Task item:
A single total is needed, the number of lines of this listing that contain the string "hyps".
::::
lemma clustering_err_le_budget:
  assumes "alg1 \<alpha> \<gamma> x S Cs" "S \<subseteq> V" "v \<in> S"
  shows "err_on S pos (clustering_vec (set Cs)) v \<le> budget S"
  using assms
proof (induction rule: alg1.induct)
  case stop
  then show ?case by simp
next
  case (single u S Cs)
  then show ?case
    using singleton_step[of S u "set Cs"] alg1_clusters_subset[OF single.hyps(4)] by auto
next
  case (cluster u S Cs)
  then show ?case
    using cluster_step[of S u "set Cs"] alg1_clusters_subset[OF cluster.hyps(4)] by auto
qed

lemma err_clustering_le:
  assumes "alg1 \<alpha> \<gamma> x V Cs"
  shows "err_clustering V pos (set Cs) v \<le> (40 / \<delta>) * err V pos x v"
proof -
  have "err_clustering V pos (set Cs) v \<le> (8 / \<delta>) * lp_err V + potential V"
    unfolding err_clustering_def err_eq_err_on[OF finite_V]
    using clustering_err_le_budget[OF assms order_refl v_in_V] .
  also have "potential V \<le> (32 / \<alpha>) * lp_err V" by (rule potential_le_lp_err)
  also have "\<dots> \<le> (32 / \<delta>) * lp_err V"
    using divide_alpha_le_divide_delta[of 32] lp_err_nonneg[of V] by (intro mult_right_mono) auto
  finally show ?thesis
    unfolding err_eq_err_on[OF finite_V] by (simp add: field_simps)
qed

end

theorem theorem1:
  fixes \<alpha> \<gamma> :: real
  assumes "0 < \<gamma>" and "\<gamma> < \<alpha>" and "\<alpha> < 1/2"
  shows "\<exists>c::real. \<forall>(V::'a set) pos x Cs.
           labeled_complete_graph V pos \<and> fractional_clustering V x \<and> alg1 \<alpha> \<gamma> x V Cs \<longrightarrow>
           (\<forall>v\<in>V. err_clustering V pos (set Cs) v \<le> c * err V pos x v)"
proof (intro exI[of _ "40 / margin \<alpha> \<gamma>"] allI impI ballI)
  fix V :: "'a set" and pos x Cs v
  assume H: "labeled_complete_graph V pos \<and> fractional_clustering V x \<and> alg1 \<alpha> \<gamma> x V Cs"
    and "v \<in> V"
  then interpret pivot_analysis \<alpha> \<gamma> V pos x v
    using assms by unfold_locales (auto simp: labeled_complete_graph_def)
  show "err_clustering V pos (set Cs) v \<le> 40 / margin \<alpha> \<gamma> * err V pos x v"
    using err_clustering_le H by simp
qed

end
::::
Solution to this task:
2